Question

QUESTION 3 [10 MARKS] A bakery finds that the price they can sell cakes is given by the function p = 580 − 10x where x is the number of cakes sold per day, and p is price. The total cost function of the company is given by c = (30+5x) 2 where x is previously defined, and c is total cost. A. Find the revenue and marginal revenue functions [Hint: revenue is price multiplied by quantity i.E. Revenue = price × quantity] (3 marks) B. Find the fixed cost and marginal cost function [Hint: fixed cost does not change with quantity produced] (3 marks) C. Find the profit function [Hint: profit is revenue minus total cost] (2 marks) D. Find the quantity that maximizes profit (2 marks)

Answer 1

(a)Revenue=580x-10x²,

Marginal Revenue=580-20x

(b)Fixed Cost, =900

Marginal Cost,=300+50x

(c)Profit Function=280x-900-35x²

(d)x=4

Explanation:

The price, p = 580 − 10x where x is the number of cakes sold per day.
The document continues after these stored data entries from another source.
(* Let $\eta>0$ and let $m,k,d$ be positive integers. Then there exists a positive integer $n_1=n_1(\eta,m,k,d)$ such that for every integer $n\geq n_1$ and every $k$-integer polynomial $Q\colon\mathbb{F}_2^{\binom{[n]}{\leq 2}}\to\mathbb{Z}_{2^k}$ of degree $d$, there is a collection $\mathcal{V}$ of pairwise disjoint $m$-dimensional block HJ-subspaces of $\mathbb{F}_2^{\binom{[n]}{\leq 2}}$ such that (i) $\mathbb{P}\big[\mathbb{F}_2^{\binom{[n]}{\leq 2}}\setminus\bigcup\mathcal{V}\big]\leq\eta$, and (ii) for every $V\in\mathcal{V}$, $\deg(Q\circ e_V)<\deg(Q)$, where $e_V\colon\mathbb{F}_2^{\binom{[m]}{\leq 2}}\to V$ is the HJ-embedding associated with $V$.
   Context: $\binom{[n]}{\leq 2}$ is the set of nonempty subsets of $[n]$ with at most two elements; $\mathbb{P}$ is the uniform probability measure on $\mathbb{F}_2^{\binom{[n]}{\leq 2}}$; $\mathbb{Z}_{2^k}=\mathbb{Z}/2^k\mathbb{Z}$. Integer polynomial: $Q\colon\mathbb{F}_2^{\binom{[n]}{\leq 2}}\to\mathbb{Z}_{2^k}$ is a $k$-integer polynomial of degree at most $d$ if $Q(x)=\alpha+\sum_{F}\lambda_F\prod_{e\in F}x(e)\bmod 2^k$, summing over nonempty $F\subseteq\binom{[n]}{\leq 2}$ with $|F|\leq d$, with $\alpha,\lambda_F\in\mathbb{Z}_{2^k}$ and $x(e)\in\{0,1\}\subseteq\mathbb{Z}_{2^k}$; its degree is the least such $d$ (so functions of the same form on $\mathbb{F}_2^{\binom{[m]}{\leq 2}}$ have degrees defined likewise). HJ-subspaces: let $n\geq m\geq 1$ and $\boldsymbol{I}=(I_1,\dots,I_m)$ pairwise disjoint nonempty subsets of $[n]$ with $\min I_1<\dots<\min I_m$. For $q\in\binom{[m]}{\leq 2}$ let $b_q$ be the indicator of $\{p\in\binom{[n]}{\leq 2}: p\subseteq\bigcup_{i\in q}I_i,\ p\cap I_i\neq\emptyset\ \forall i\in q\}$, and $\mathrm{Id}_{\boldsymbol I}(x)=\sum_q x(q)b_q$ for $x\in\mathbb{F}_2^{\binom{[m]}{\leq 2}}$. An HJ-embedding is $e=\mathrm{Id}_{\boldsymbol I}+c$ with $c\in\mathbb{F}_2^{\binom{[n]}{\leq 2}}$ vanishing on $\binom{I_1\cup\dots\cup I_m}{\leq 2}$; its image $V$ is an HJ-subspace of dimension $m$ with wildcard sets $\boldsymbol I$, and $e_V:=e$. $V$ is block if $\max I_i<\min I_{i+1}$ for all $i<m$. *)

theory Defs
  imports Complex_Main
begin

definition edges :: "nat \<Rightarrow> nat set set" where
  "edges n = {p. p \<subseteq> {1..n} \<and> p \<noteq> {} \<and> card p \<le> 2}"

text \<open>Points of F_2^(edges n), as boolean functions vanishing outside edges n.\<close>
definition cube :: "nat \<Rightarrow> (nat set \<Rightarrow> bool) set" where
  "cube n = {x. \<forall>p. x p \<longrightarrow> p \<in> edges n}"

text \<open>Q is a k-integer polynomial of degree at most d on cube n (values in Z_(2^k),
  represented by residues mod 2^k).\<close>
definition kpoly_le :: "nat \<Rightarrow> nat \<Rightarrow> nat \<Rightarrow> ((nat set \<Rightarrow> bool) \<Rightarrow> int) \<Rightarrow> bool" where
  "kpoly_le k n d Q \<longleftrightarrow> (\<exists>(\<alpha>::int) (coef::nat set set \<Rightarrow> int). \<forall>x\<in>cube n.
     Q x = (\<alpha> + (\<Sum>F\<in>{F. F \<subseteq> edges n \<and> F \<noteq> {} \<and> card F \<le> d}.
              coef F * (\<Prod>e\<in>F. if x e then 1 else 0))) mod 2^k)"

definition kpoly :: "nat \<Rightarrow> nat \<Rightarrow> ((nat set \<Rightarrow> bool) \<Rightarrow> int) \<Rightarrow> bool" where
  "kpoly k n Q \<longleftrightarrow> (\<exists>d. kpoly_le k n d Q)"

definition kdeg :: "nat \<Rightarrow> nat \<Rightarrow> ((nat set \<Rightarrow> bool) \<Rightarrow> int) \<Rightarrow> nat" where
  "kdeg k n Q = (LEAST d. kpoly_le k n d Q)"

definition wildcards :: "nat \<Rightarrow> nat \<Rightarrow> (nat \<Rightarrow> nat set) \<Rightarrow> bool" where
  "wildcards n m I \<longleftrightarrow> 1 \<le> m \<and> m \<le> n \<and>
     (\<forall>i\<in>{1..m}. I i \<noteq> {} \<and> I i \<subseteq> {1..n}) \<and>
     (\<forall>i\<in>{1..m}. \<forall>j\<in>{1..m}. i \<noteq> j \<longrightarrow> I i \<inter> I j = {}) \<and>
     (\<forall>i\<in>{1..<m}. Min (I i) < Min (I (Suc i)))"

definition block :: "nat \<Rightarrow> (nat \<Rightarrow> nat set) \<Rightarrow> bool" where
  "block m I \<longleftrightarrow> (\<forall>i\<in>{1..<m}. Max (I i) < Min (I (Suc i)))"

definition bq :: "nat \<Rightarrow> (nat \<Rightarrow> nat set) \<Rightarrow> nat set \<Rightarrow> nat set \<Rightarrow> bool" where
  "bq n I q p \<longleftrightarrow> p \<in> edges n \<and> p \<subseteq> (\<Union>i\<in>q. I i) \<and> (\<forall>i\<in>q. p \<inter> I i \<noteq> {})"

text \<open>Id_I(x) = sum over q of x(q) b_q, computed in F_2 (parity).\<close>
definition IdI :: "nat \<Rightarrow> nat \<Rightarrow> (nat \<Rightarrow> nat set) \<Rightarrow> (nat set \<Rightarrow> bool) \<Rightarrow> nat set \<Rightarrow> bool" where
  "IdI n m I x p \<longleftrightarrow> odd (card {q\<in>edges m. x q \<and> bq n I q p})"

definition shift_ok :: "nat \<Rightarrow> nat \<Rightarrow> (nat \<Rightarrow> nat set) \<Rightarrow> (nat set \<Rightarrow> bool) \<Rightarrow> bool" where
  "shift_ok n m I c \<longleftrightarrow> c \<in> cube n \<and>
     (\<forall>p. p \<subseteq> (\<Union>i\<in>{1..m}. I i) \<and> p \<noteq> {} \<and> card p \<le> 2 \<longrightarrow> \<not> c p)"

text \<open>HJ-embedding e = Id_I + c (addition in F_2 = xor).\<close>
definition hj_emb :: "nat \<Rightarrow> nat \<Rightarrow> (nat \<Rightarrow> nat set) \<Rightarrow> (nat set \<Rightarrow> bool)
    \<Rightarrow> (nat set \<Rightarrow> bool) \<Rightarrow> (nat set \<Rightarrow> bool)" where
  "hj_emb n m I c x = (\<lambda>p. IdI n m I x p \<noteq> c p)"

definition hj_space :: "nat \<Rightarrow> nat \<Rightarrow> (nat \<Rightarrow> nat set) \<Rightarrow> (nat set \<Rightarrow> bool)
    \<Rightarrow> (nat set \<Rightarrow> bool) set" where
  "hj_space n m I c = hj_emb n m I c ` cube m"

end

theory Submission
  imports Defs "HOL-Library.Ramsey"
begin
(* Let $\Omega$ be a compact metric space, $\varphi:\Omega\to\Omega$ continuous, and let $\mathcal{V}=\{V_n\}\subset\mathcal{L}(X^* )$ be an ergodic operator sequence converging in the $\mathrm{W^*O}$-topology to an operator $Q$. Then for every $\varphi$-ergodic Borel probability measure $\mu$ on $\Omega$ the set $\Omega_{\mu,\mathcal{V}}=\{\omega\in\Omega:Q\delta_\omega=\mu\}$ is a Borel set with $\mu(\Omega_{\mu,\mathcal{V}})=1$.
   Context: $X=C(\Omega)$, $X^*$ the space of Radon measures, pairing $(x,\mu)$; $Ux=x\circ\varphi$, $V=U^*$. $\mathrm{W^*O}$-convergence $T_n\to T$ means $(x,T_n\mu)\to(x,T\mu)$ for all $x\in X,\mu\in X^*$. A sequence $\{V_n\}\subseteq\operatorname{co}\{V^k:k\in\mathbb{N}_0\}$ is ergodic if $(x,(\operatorname{Id}-V)V_n\mu)\to0$ for all $x\in X,\mu\in X^*$. $\delta_\omega$ is the Dirac measure at $\omega$; thus $Q\delta_\omega$ is the weak-star limit of $V_n\delta_\omega$. *)

theory Defs
  imports "HOL-Probability.Probability"
begin

text \<open>X = C(Omega) is the type of bounded continuous real functions on the compact
metric space Omega (all continuous functions are bounded on a compact space).
X* is realised as the continuous dual of X; by the Riesz representation theorem
these are exactly the (signed) Radon measures, the pairing (x, mu) being application.\<close>

type_synonym 'a dualC = "('a \<Rightarrow>\<^sub>C real) \<Rightarrow>\<^sub>L real"

definition Uop :: "('a::metric_space \<Rightarrow> 'a) \<Rightarrow> ('a \<Rightarrow>\<^sub>C real) \<Rightarrow>\<^sub>L ('a \<Rightarrow>\<^sub>C real)" where
  "Uop \<phi> = Blinfun (\<lambda>x. Bcontfun (\<lambda>\<omega>. apply_bcontfun x (\<phi> \<omega>)))"

definition Vop :: "('a::metric_space \<Rightarrow> 'a) \<Rightarrow> 'a dualC \<Rightarrow>\<^sub>L 'a dualC" where
  "Vop \<phi> = Blinfun (\<lambda>\<nu>. \<nu> o\<^sub>L Uop \<phi>)"

definition Vpow :: "('a::metric_space \<Rightarrow> 'a) \<Rightarrow> nat \<Rightarrow> 'a dualC \<Rightarrow>\<^sub>L 'a dualC" where
  "Vpow \<phi> k = ((\<lambda>T. Vop \<phi> o\<^sub>L T) ^^ k) id_blinfun"

definition dirac_fun :: "'a::metric_space \<Rightarrow> 'a dualC" where
  "dirac_fun \<omega> = Blinfun (\<lambda>x. apply_bcontfun x \<omega>)"

definition ergodic_op_seq :: "('a::metric_space \<Rightarrow> 'a) \<Rightarrow> (nat \<Rightarrow> 'a dualC \<Rightarrow>\<^sub>L 'a dualC) \<Rightarrow> bool" where
  "ergodic_op_seq \<phi> Vs \<longleftrightarrow>
     (\<forall>n. Vs n \<in> convex hull (range (Vpow \<phi>))) \<and>
     (\<forall>x \<nu>. (\<lambda>n. blinfun_apply (Vs n \<nu> - Vop \<phi> (Vs n \<nu>)) x) \<longlonglongrightarrow> 0)"

definition wstar_op_conv :: "(nat \<Rightarrow> ('a::metric_space) dualC \<Rightarrow>\<^sub>L 'a dualC) \<Rightarrow> ('a dualC \<Rightarrow>\<^sub>L 'a dualC) \<Rightarrow> bool" where
  "wstar_op_conv Ts T \<longleftrightarrow> (\<forall>x \<nu>. (\<lambda>n. blinfun_apply (Ts n \<nu>) x) \<longlonglongrightarrow> blinfun_apply (T \<nu>) x)"

definition phi_ergodic :: "('a::metric_space \<Rightarrow> 'a) \<Rightarrow> 'a measure \<Rightarrow> bool" where
  "phi_ergodic \<phi> \<mu> \<longleftrightarrow> prob_space \<mu> \<and> sets \<mu> = sets borel \<and>
     \<phi> \<in> measurable \<mu> \<mu> \<and> distr \<mu> \<mu> \<phi> = \<mu> \<and>
     (\<forall>A\<in>sets \<mu>. \<phi> -` A = A \<longrightarrow> emeasure \<mu> A = 0 \<or> emeasure \<mu> A = 1)"

end

theory Submission
  imports Defs
begin

text \<open>For \<open>T\<close> in the convex hull of the powers \<open>V\<^sup>k\<close>, the function \<open>\<omega> \<mapsto> (x, T \<delta>\<^sub>\<omega>)\<close> is a convex
  combination of the functions \<open>x \<circ> \<phi>\<^sup>k\<close>: it is continuous, bounded by \<open>\<parallel>x\<parallel>\<close>, and has \<open>\<mu>\<close>-integral
  \<open>\<integral> x d\<mu>\<close> because \<open>\<mu>\<close> is \<open>\<phi>\<close>-invariant. Passing to the W*O-limit, \<open>\<omega> \<mapsto> (x, Q \<delta>\<^sub>\<omega>)\<close> is Borel
  measurable with the same integral (dominated convergence), and the ergodicity of \<open>(V\<^sub>n)\<close> makes
  it \<open>\<phi>\<close>-invariant. Ergodicity of \<open>\<mu>\<close> forces an invariant function to equal its mean almost
  everywhere, so \<open>(x, Q \<delta>\<^sub>\<omega>) = \<integral> x d\<mu>\<close> for \<open>\<mu>\<close>-almost every \<open>\<omega>\<close>, for each fixed \<open>x\<close>. Since
  \<open>C(\<Omega>)\<close> is separable and both sides are continuous in \<open>x\<close>, it suffices to impose this for
  countably many \<open>x\<close>, which yields both measurability and full measure of \<open>\<Omega>\<^bsub>\<mu>,\<V>\<^esub>\<close>.\<close>

lemma dirac_fun_apply [simp]: "dirac_fun \<omega> x = apply_bcontfun x \<omega>"
proof -
  have "bounded_linear (\<lambda>x::'a \<Rightarrow>\<^sub>C real. apply_bcontfun x \<omega>)"
    by (rule bounded_linear_intro[where K=1]) (auto simp: norm_bounded[where 'b=real, simplified])
  then show ?thesis unfolding dirac_fun_def by (simp add: bounded_linear_Blinfun_apply)
qed
lemma alg_le_imp_iff: "alg_le meet c (imp a b) \<longleftrightarrow> alg_le meet (meet c a) b"
proof
  assume "alg_le meet c (imp a b)"
  then have "alg_le meet (meet c a) (imp a b)"
    using meet_le_left alg_le_trans by blast
  moreover have "derivable ipc_axiom {Imp (Var 0) (Var 1), Var 0} (Var 1)"
    by (rule derivable.mp[of _ _ "Var 0"]) (simp_all add: derivable.hyp)
  ultimately show "alg_le meet (meet c a) b"
    using meet_le_right
      ipc_derivable_le[of "[Imp (Var 0) (Var 1), Var 0]" "Var 1" "meet c a" "(!) [a, b]"]
    by simp
next
  assume "alg_le meet (meet c a) b"
  then have "imp (meet c a) b = one"
    by (rule imp_eq_one_if_le)
  then show "alg_le meet c (imp a b)"
    using ipc_derivable_curry[of "Var 2" "Var 0" "Var 1"]
      ipc_derivable_le[of "[Var 2, Imp (And (Var 2) (Var 0)) (Var 1)]" "Imp (Var 0) (Var 1)" c
        "(!) [a, b, c]"]
    by (simp add: alg_le_refl alg_le_one)
qed

lemma join_le: "alg_le meet a c \<Longrightarrow> alg_le meet b c \<Longrightarrow> alg_le meet (join a b) c"
proof -
  let ?\<Gamma> = "{Or (Var 0) (Var 1), Imp (Var 0) (Var 2), Imp (Var 1) (Var 2)}"
  have "derivable ipc_axiom ?\<Gamma> (Var 2)"
    by (rule derivable.mp, rule derivable.mp, rule derivable_axiom_mp,
        rule ipc_axiom.OrE[of "Var 0" "Var 2" "Var 1"])
      (simp_all add: derivable.hyp)
  then show "alg_le meet a c \<Longrightarrow> alg_le meet b c \<Longrightarrow> alg_le meet (join a b) c"
    using imp_eq_one_if_le
      ipc_derivable_le[of "[Or (Var 0) (Var 1), Imp (Var 0) (Var 2), Imp (Var 1) (Var 2)]" "Var 2"
        "join a b" "(!) [a, b, c]"]
    by (simp add: alg_le_refl alg_le_one)
qed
Total cost function,c = (30+5x)²

(a) Revenue Function

R(x)=x*p(x)=x(580 − 10x)

R(x)=580x-10x²

Marginal Revenue Function

This is the derivative of the revenue function.

If R(x)=580x-10x²,

R'(x)=580-20x

(b)Total cost function,c = (30+5x)²

c=(30+5x)(30+5x)

=900+300x+25x²

Therefore, Fixed Cost, =900

Marginal Cost Function

This is the derivative of the cost function.

If c(x)=900+300x+25x²

Marginal Cost, c'(x)=300+50x

(c)Profit Function

Profit, P(x)=R(x)-C(x)

=(580x-10x²)-(900+300x+25x²)

=580x-10x²-900-300x-25x²

P(x)=280x-900-35x²

(d)To maximize profit, we take the derivative of P(x) in (c) above and solve for its critical point.

Since P(x)=280x-900-35x²

P'(x)=280-70x

Equate the derivative to zero

280-70x=0

280=70x

x=4

The number of cakes that maximizes profit is 4.